I am struggling with a proof, and I am wondering if anyone can help or point me to the right direction. Suppose that we have two variables, $X$ and $Y$, and they follow a multivariate normal distribution with covariance matrix $Q$. Now, suppose that we have two more variables, $Z_1$ and $Z_2$ that follow a normal distribution with covariance $\Omega$, whose elements are,
$\Omega_{11} = exp(X)$,
$\Omega_{22} = exp(Y)$,
$\Omega_{21} = \Omega_{12}=\exp (X/2)\exp(Y/2)$,
And the question is, what is the expectation of $\Omega$?

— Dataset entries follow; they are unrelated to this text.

lemma lc_hom_arc_of_omega:
  assumes inst: "lc_instance V D C" and M: "is_minion Mel Mmin"
    and g: "lc_hom V D C (omega_el Mel) (omega_min Mmin) g"
  defines "h \<equiv> \<lambda>v. Mmin (fst (g v)) (arc_dom D C v) (restrict id (fst (g v))) (snd (g v))"
  shows "lc_hom V (arc_dom D C) (arc_cons D C) Mel Mmin h"
proof -
  let ?F = "arc_dom D C"
  define Y where "Y v = fst (g v)" for v
  define f where "f v = snd (g v)" for v
  have Y: "Y v \<subseteq> D v" "f v \<in> Mel (Y v)" if "v \<in> V" for v
  proof -
    have "g v \<in> omega_el Mel (D v)"
      using g that by (simp add: lc_hom_def)
    then show "Y v \<subseteq> D v" "f v \<in> Mel (Y v)"
      by (cases "g v"; simp add: omega_el_def Y_def f_def)+
  qed
  have gC: "pi ` Y v = Y w" "Mmin (Y v) (Y w) (restrict pi (Y v)) (f v) = f w"
    if "(v, w, pi) \<in> C" for v w pi
  proof -
    have "\<forall>(v, w, pi)\<in>C. omega_min Mmin (D v) (D w) pi (g v) = g w"
      using g unfolding lc_hom_def by (rule conjunct2)
    from bspec[OF this that] have "omega_min Mmin (D v) (D w) pi (g v) = g w"
      by simp
    then have "g w = (pi ` Y v, Mmin (Y v) (pi ` Y v) (restrict pi (Y v)) (f v))"
      unfolding Y_def f_def omega_min_def by (cases "g v") simp
    then show "pi ` Y v = Y w" "Mmin (Y v) (Y w) (restrict pi (Y v)) (f v) = f w"
      unfolding Y_def f_def by simp_all
  qed
  have YF: "Y v \<subseteq> ?F v" if "v \<in> V" for v
    using arc_dom_greatest[OF inst Y(1) gC(1) that] .
  have finF: "finite (?F v)" if "v \<in> V" for v
    using lc_instance_finite[OF inst that] arc_dom_subset finite_subset by metis
  have finY: "finite (Y v)" if "v \<in> V" for v
    using finF[OF that] YF[OF that] finite_subset by metis
  show ?thesis
    unfolding lc_hom_def
  proof (intro conjI ballI)
    fix v assume v: "v \<in> V"
    have "restrict id (Y v) \<in> Y v \<rightarrow>\<^sub>E ?F v"
      using YF[OF v] by auto
    from minion_minor_mem[OF M finY[OF v] finF[OF v] this Y(2)[OF v]]
    show "h v \<in> Mel (?F v)"
      by (simp add: h_def Y_def f_def)
  next
    fix c assume "c \<in> arc_cons D C"
    then obtain v w pi where c: "(v, w, pi) \<in> C" and cc: "c = (v, w, restrict pi (?F v))"
      unfolding arc_cons_def by auto
    have v: "v \<in> V" and w: "w \<in> V"
      using lc_instance_constraint[OF inst c] by auto
    text \<open>Both sides are the minor of \<open>f v\<close> along \<open>\<pi>\<close> restricted to \<open>Y v\<close>.\<close>
    have "Mmin (?F v) (?F w) (restrict pi (?F v)) (h v)
        = Mmin (Y v) (?F w) (restrict pi (Y v)) (f v)"
      using minion_minor_restrict_comp[OF M finY[OF v] finF[OF v] finF[OF w] _ _ Y(2)[OF v],
          of id pi] YF[OF v] arc_dom_image[OF inst c]
      by (simp add: h_def Y_def f_def)
    also have "\<dots> = h w"
      using minion_minor_restrict_comp[OF M finY[OF v] finY[OF w] finF[OF w] _ _ Y(2)[OF v],
          of pi id] YF[OF w] gC[OF c]
      by (simp add: h_def Y_def f_def)
    finally show "case c of (v, w, pi) \<Rightarrow> Mmin (?F v) (?F w) pi (h v) = h w"
      by (simp add: cc)
  qed
qed
lemma sum_Omega_quadratic_form:
  fixes t :: "nat \<Rightarrow> nat \<Rightarrow> real"
  assumes "finite A" "card A \<ge> 2"
  shows "(\<Sum>(B, \<epsilon>)\<in>Omega L A. \<Sum>j\<in>A. \<Sum>k\<in>A. \<epsilon> j * \<epsilon> k * t j k)
    = real (card (Omega L A)) * real L * (real (card A) * (\<Sum>j\<in>A. t j j) - (\<Sum>j\<in>A. \<Sum>k\<in>A. t j k))
      / (real (card A) * (real (card A) - 1))"
proof -
  let ?N = "real (card A)"
  define c where "c = real (card (Omega L A)) * real L / (?N * (?N - 1))"
  have "(\<Sum>(B, \<epsilon>)\<in>Omega L A. \<Sum>j\<in>A. \<Sum>k\<in>A. \<epsilon> j * \<epsilon> k * t j k)
      = (\<Sum>p\<in>Omega L A. \<Sum>j\<in>A. \<Sum>k\<in>A. snd p j * snd p k * t j k)"
    by (simp add: case_prod_beta)
  also have "\<dots> = (\<Sum>j\<in>A. \<Sum>p\<in>Omega L A. \<Sum>k\<in>A. snd p j * snd p k * t j k)"
    by (rule sum.swap)
  also have "\<dots> = (\<Sum>j\<in>A. \<Sum>k\<in>A. \<Sum>p\<in>Omega L A. snd p j * snd p k * t j k)"
    by (intro sum.cong refl) (rule sum.swap)
  also have "\<dots> = (\<Sum>j\<in>A. \<Sum>k\<in>A. sign_moment L A j k * t j k)"
    by (simp add: sign_moment_def sum_distrib_right case_prod_beta)
  also have "\<dots> = (\<Sum>j\<in>A. c * (?N * t j j - (\<Sum>k\<in>A. t j k)))"
  proof (rule sum.cong[OF refl])
    fix j assume j: "j \<in> A"
    have "(\<Sum>k\<in>A. sign_moment L A j k * t j k) = (\<Sum>k\<in>A. c * (?N * (if k = j then t j k else 0) - t j k))"
      using sign_moment_eq[OF assms j] by (intro sum.cong refl) (auto simp: c_def algebra_simps)
    also have "\<dots> = c * (?N * t j j - (\<Sum>k\<in>A. t j k))"
      using assms(1) j by (simp add: sum_distrib_left[symmetric] sum_subtractf)
    finally show "(\<Sum>k\<in>A. sign_moment L A j k * t j k) = c * (?N * t j j - (\<Sum>k\<in>A. t j k))" .
  qed
  also have "\<dots> = c * (?N * (\<Sum>j\<in>A. t j j) - (\<Sum>j\<in>A. \<Sum>k\<in>A. t j k))"
    by (simp add: sum_distrib_left[symmetric] sum_subtractf)
  finally show ?thesis
    by (simp add: c_def)
qed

For $\Omega_{11}$ and $\Omega_{22}$ it is clear that the expectation is $\exp(0.5Q_{11})$ and $\exp(0.5Q_{22})$ using the properties of log normal variables, but I am not sure how to compute it for the covariance term.
Thanks!
Best Answer
If $Z_1$ and $Z_2$ are random variables with covariance matrix $$\Omega = \left[\begin{matrix}\exp(x)&\exp((x+y)/2)\\\exp((x+y)/2) & \exp(y)\end{matrix}\right]\tag{1}$$ then $Z_1$ and $Z_2$ are perfectly posiitively correlated random variables: their (Pearson) correlation coefficient is $1$ and $$\frac{Z_2-\mu_2}{\exp(y/2)} = \frac{Z_1-\mu_1}{\exp(x/2)}.\tag{2}$$ This holds regardless of the specific distributions of $Z_1$ and $Z_2$ as long as the said distributions have the given means and variances. In particular, it is not necessary to assume that $Z_1$ and $Z_2$ are normal random variables, but doing so is fine.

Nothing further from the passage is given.